Some of our students ask: “What’s wrong with changing languages?”

If you are in the wrong language or don’t aspire to fluency, nothing is wrong. However, excessive dabbling (jumping from one language to another) is a bad habit for those that aspire to fluency. That is common in the language learning community, and results in a lot of wasted time gaining knowledge that may be gradually forgotten. This is not to say dabbling is bad, only that you should only do so deliberately. Dabbling is suitable for people who don’t aspire to fluency, but instead learn with the goal of a achieving a low level in a high number of languages.

If you are aiming for a high level and switch languages, beware that a pattern doesn’t start to emerge. If you find the same thing happening with your next language, you could end up flitting from language to language without ever fulfilling your goals. If your goal is to speak your language at a reasonable level or for a specific purpose that requires a lot of skill, you are better off avoiding switching if at all possible.
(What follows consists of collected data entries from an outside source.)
lemma eq_0_if_frequently_eq_av_null:
  assumes "((\<lambda>x. av (f x)) \<longlongrightarrow> 0) F" and "((\<lambda>x. av (g x - y)) \<longlongrightarrow> 0) F"
    and "\<exists>\<^sub>F x in F. f x = g x"
  shows "y = 0"
proof (rule ccontr)
  assume "y \<noteq> 0"
  then have "av y > 0"
    using av_nonneg[of y] by (simp add: av_eq_0_iff order.strict_iff_order)
  then have "\<forall>\<^sub>F x in F. av (f x) < av y \<and> av (g x - y) < av y"
    using assms(1,2) by (intro eventually_conj order_tendstoD(2))
  then have "\<forall>\<^sub>F x in F. f x \<noteq> g x"
  proof eventually_elim
    case (elim x)
    then show ?case
      using av_add_le_max[of "f x" "- (g x - y)"] av_diff_commute[of y "g x"] by auto
  qed
  with assms(3) show False
    by (simp add: frequently_def)
qed

end

theorem theorem3p7:
  fixes p :: nat and av :: "'a::field_char_0 \<Rightarrow> real"
    and K :: "'a set" and B :: "'a set" and c :: "'a \<Rightarrow> 'a \<Rightarrow> 'a"
  assumes "prime p"
    and "padic_valued_field p av"
    and "finite_ext_Qp av K"
    and "finite B" and "B \<noteq> {}" and "B \<subseteq> K"
    and "\<forall>\<beta>\<in>B. av \<beta> < 1"
    and "\<forall>\<beta>\<in>B. cont_Zp_into av K (c \<beta>)"
    and "has_twisted_interpolation p av (\<lambda>n. \<Sum>\<beta>\<in>B. c \<beta> (of_nat n) * \<beta> ^ n)"
  shows "\<forall>n. (\<Sum>\<beta>\<in>B. c \<beta> (of_nat n) * \<beta> ^ n) = 0"
proof
  fix n0 :: nat
  interpret padic_abs_value p av
    using assms(1,2) by unfold_locales
  define s where "s n = (\<Sum>\<beta>\<in>B. c \<beta> (of_nat n) * \<beta> ^ n)" for n
  obtain q J A L sj where interp: "twisted_interpolation p av s q (J :: nat set) A L sj"
    using assms(9) unfolding has_twisted_interpolation_def s_def by blast
  then obtain k where "q = p ^ k"
    unfolding twisted_interpolation_def by blast
  from interp obtain j where "j \<in> J" and "n0 \<in> A j"
    unfolding twisted_interpolation_def by blast
  with interp obtain r where "dense_in_class av (A j) r q"
    and "cont_Zp_into av L (sj j)" and agree: "\<forall>n\<in>A j. s n = sj j (of_nat n)"
    unfolding twisted_interpolation_def by blast
  have "sj j (of_nat n0) = 0"
  proof (rule eq_0_if_frequently_eq_av_null)
    show "((\<lambda>n. av (s n)) \<longlongrightarrow> 0) (padic_approach n0)"
      unfolding s_def using assms(4,7,8) by (rule tendsto_av_exp_sum_padic_approach)
    show "((\<lambda>n. av (sj j (of_nat n) - sj j (of_nat n0))) \<longlongrightarrow> 0) (padic_approach n0)"
      using \<open>cont_Zp_into av L (sj j)\<close> by (rule tendsto_av_cont_Zp_padic_approach)
    show "\<exists>\<^sub>F n in padic_approach n0. s n = sj j (of_nat n)"
      using frequently_padic_approach_dense_in_class[of "A j" r k n0] \<open>q = p ^ k\<close>
        \<open>dense_in_class av (A j) r q\<close> \<open>n0 \<in> A j\<close> agree
      by (auto elim: frequently_elim1)
  qed
  then show "s n0 = 0"
    using agree \<open>n0 \<in> A j\<close> by simp
qed

end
Make sure you have a long-term goal or a set of goals

Having a goal is essential. The language you choose for yourself needs to be based on a set of goals that can sustain you over the long term. If it is not, your path will be more difficult. What works is whatever interests you and makes you want to reach a higher level. The most common way learners get motivation is by recording specific and attainable goals and then recording their progress if they feel it’s necessary. Make sure you have your own goals set out.

If you’re struggling to find a goal, think about the times you feel most motivated to study. These are the reasons that motivate you most. Write them all down.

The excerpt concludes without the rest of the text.